CoreWeave fell more than 10% in May after posting solid quarterly results but issuing second-quarter guidance below Wall Street expectations. Operating costs more than doubled to $2.2 billion, losses increased year over year, and the company signaled higher capital expenditures next quarter, adding pressure to margins and the balance sheet. Offset by a backlog approaching $100 billion and partnerships with Meta Platforms, Nvidia, and Anthropic, the update is mixed but leans negative for near-term sentiment.

Analysis

CoreWeave’s miss matters less as a one-quarter earnings event and more as a signal that the AI inference/training buildout is entering a capital intensity phase where revenue visibility is good but equity value capture is still uncertain. A near-$100B backlog sounds supportive, but in compute infrastructure the backlog is only as good as the availability of power, GPUs, and financing; if capex keeps outrunning contracted cash flow, the market will start valuing CRWV like a levered industrial utility rather than a growth asset. That usually compresses multiple expansion even if top-line growth remains strong. The second-order winner is Nvidia, not because CoreWeave is weak, but because every incremental unit of deployment still flows through accelerated hardware demand and keeps the ecosystem tight.
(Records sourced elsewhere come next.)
lemma tile_end:
  assumes "is_tile T"
  shows "tile_end T \<in> T" "\<And>y. y \<in> T \<Longrightarrow> col y \<le> col (tile_end T)"
proof -
  obtain ns where ns: "set ns = T" "ns \<noteq> []" using assms unfolding is_tile_def by blast
  have fin: "finite (col ` T)" "col ` T \<noteq> {}" using ns by auto
  obtain x where x: "x \<in> T" "col x = Max (col ` T)" using Max_in[OF fin] by auto
  have greatest: "col y \<le> col x" if "y \<in> T" for y using x(2) fin(1) that by simp
  have "\<exists>!n. n \<in> T \<and> (\<forall>m\<in>T. col m \<le> col n)"
  proof (rule ex1I[of _ x])
    fix n assume n: "n \<in> T \<and> (\<forall>m\<in>T. col m \<le> col n)"
    then have "col n = col x" using greatest x(1) by (meson order_antisym)
    then show "n = x" using tile_col_inj[OF assms] n x(1) by blast
  qed (use x(1) greatest in blast)
  then have "tile_end T \<in> T \<and> (\<forall>m\<in>T. col m \<le> col (tile_end T))"
    unfolding tile_end_def by (rule theI')
  then show "tile_end T \<in> T" "\<And>y. y \<in> T \<Longrightarrow> col y \<le> col (tile_end T)" by simp_all
qed

lemma tile_start_singleton [simp]: "tile_start {n} = n"
  unfolding tile_start_def by (rule the_equality) auto

lemma tile_end_singleton [simp]: "tile_end {n} = n"
  unfolding tile_end_def by (rule the_equality) auto

lemma is_dyck_tile_singleton: "is_dyck_tile {n}"
  unfolding is_dyck_tile_def is_tile_def by (auto intro!: exI[of _ "[n]"])

section \<open>Cover-expansive tilings along a column\<close>

lemma tile_of_eq:
  assumes "partition_on S P" "T \<in> P" "x \<in> T"
  shows "tile_of P x = T"
  unfolding tile_of_def
proof (rule the_equality)
  fix U assume "U \<in> P \<and> x \<in> U"
  then show "U = T" using assms partition_onD2[OF assms(1)] by (auto simp: disjoint_def)
qed (use assms in simp)

lemma tile_of_mem:
  assumes "partition_on S P" "x \<in> S"
  shows "tile_of P x \<in> P" "x \<in> tile_of P x"
proof -
  obtain T where "T \<in> P" "x \<in> T" using assms partition_onD1[OF assms(1)] by blast
  then show "tile_of P x \<in> P" "x \<in> tile_of P x" using tile_of_eq[OF assms(1)] by auto
qed

lemma tile_of_subset:
  assumes "partition_on S P" "x \<in> S"
  shows "tile_of P x \<subseteq> S"
proof -
  have "S = \<Union>P" by (rule partition_onD1[OF assms(1)])
  then show ?thesis using tile_of_mem(1)[OF assms] by blast
qed

lemma tile_of_eq_if_mem:
  "partition_on S P \<Longrightarrow> x \<in> S \<Longrightarrow> z \<in> tile_of P x \<Longrightarrow> tile_of P z = tile_of P x"
  by (rule tile_of_eq[OF _ tile_of_mem(1)])

lemma dyck_tiling_is_tile: "dyck_tiling S P \<Longrightarrow> T \<in> P \<Longrightarrow> is_tile T"
  by (simp add: dyck_tiling_def is_dyck_tile_def)

lemma cover_expansiveD_SE:
  "cover_expansive S P \<Longrightarrow> a \<in> S \<Longrightarrow> SE a \<in> S \<Longrightarrow>
   col (tile_start (tile_of P (SE a))) \<le> col (tile_start (tile_of P a))"
  unfolding cover_expansive_def by blast

lemma cover_expansiveD_SW:
  "cover_expansive S P \<Longrightarrow> a \<in> S \<Longrightarrow> SW a \<in> S \<Longrightarrow>
   col (tile_end (tile_of P a)) \<le> col (tile_end (tile_of P (SW a)))"
  unfolding cover_expansive_def by blast

lemma tile_of_NE_eq:
  assumes P: "dyck_tiling S P" "cover_expansive S P"
    and y: "y \<in> S" "NE y \<in> S" "SE y \<notin> tile_of P y"
  shows "tile_of P (NE y) = tile_of P y"
proof -
  have part: "partition_on S P" using P(1) by (simp add: dyck_tiling_def)
  define T U where "T = tile_of P (NE y)" and "U = tile_of P y"
  have T: "T \<in> P" "NE y \<in> T" and U: "U \<in> P" "y \<in> U"
    using tile_of_mem[OF part] y unfolding T_def U_def by auto
  have "col (NE y) \<le> col (tile_end T)"
    using tile_end(2)[OF dyck_tiling_is_tile[OF P(1) T(1)] T(2)] .
  also have "\<dots> \<le> col (tile_end U)"
    using cover_expansiveD_SW[OF P(2) y(2)] y(1) unfolding T_def U_def by simp
  finally have "col y < col (tile_end U)" by simp
  then have "NE y \<in> U \<or> SE y \<in> U"
    using tile_step_right dyck_tiling_is_tile[OF P(1) U(1)] U(2) tile_end(1) by blast
  then have "NE y \<in> U" using y(3) U_def by blast
  then show ?thesis using tile_of_eq[OF part U(1)] U_def by simp
qed

lemma tile_of_NW_eq:
  assumes P: "dyck_tiling S P" "cover_expansive S P"
    and y: "y \<in> S" "NW y \<in> S" "SW y \<notin> tile_of P y"
  shows "tile_of P (NW y) = tile_of P y"
proof -
  have part: "partition_on S P" using P(1) by (simp add: dyck_tiling_def)
  define T U where "T = tile_of P (NW y)" and "U = tile_of P y"
  have T: "T \<in> P" "NW y \<in> T" and U: "U \<in> P" "y \<in> U"
    using tile_of_mem[OF part] y unfolding T_def U_def by auto
  have "col (tile_start U) \<le> col (tile_start T)"
    using cover_expansiveD_SE[OF P(2) y(2)] y(1) unfolding T_def U_def by simp
  also have "\<dots> \<le> col (NW y)" using tile_start(2)[OF dyck_tiling_is_tile[OF P(1) T(1)] T(2)] .
  finally have "col (tile_start U) < col y" by simp
  then have "SW y \<in> U \<or> NW y \<in> U"
    using tile_step_left dyck_tiling_is_tile[OF P(1) U(1)] U(2) tile_start(1) by blast
  then have "NW y \<in> U" using y(3) U_def by blast
  then show ?thesis using tile_of_eq[OF part U(1)] U_def by simp
qed

definition diag :: "node \<Rightarrow> nat \<Rightarrow> node" where
  "diag m k = (fst m + int k, snd m + int k)"

lemma diag_0 [simp]: "diag m 0 = m" by (simp add: diag_def)
lemma col_diag [simp]: "col (diag m k) = col m" by (simp add: diag_def col_def)
lemma SE_diag_Suc [simp]: "SE (diag m (Suc k)) = NE (diag m k)" by (simp add: diag_def SE_def NE_def)
lemma SW_diag_Suc [simp]: "SW (diag m (Suc k)) = NW (diag m k)" by (simp add: diag_def SW_def NW_def)
lemma diag_Suc_neq [simp]: "diag m (Suc k) \<noteq> diag m k" by (simp add: diag_def)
META also benefits indirectly if hyperscalers can force pricing discipline on smaller AI clouds by self-funding capacity, while Intel remains a bystander unless the market begins to favor lower-cost alternative compute stacks; that scenario is still months away. The near-term loser is sentiment across the AI infrastructure basket: when one high-beta name gets punished for spending, investors often re-rate the entire “pick-and-shovel” complex for higher cost of capital. The contrarian read is that the market may be overreacting to guidance while underestimating backlog quality and customer concentration risk. If the backlog is truly sticky and denominated in long-duration commitments, the selloff could become a buyable dislocation over the next 3-6 months once financing terms stabilize. The bigger risk is not demand collapse but dilution or covenant pressure if capex is funded with incremental debt before operating leverage turns; that is the scenario that can keep the stock range-bound for multiple quarters.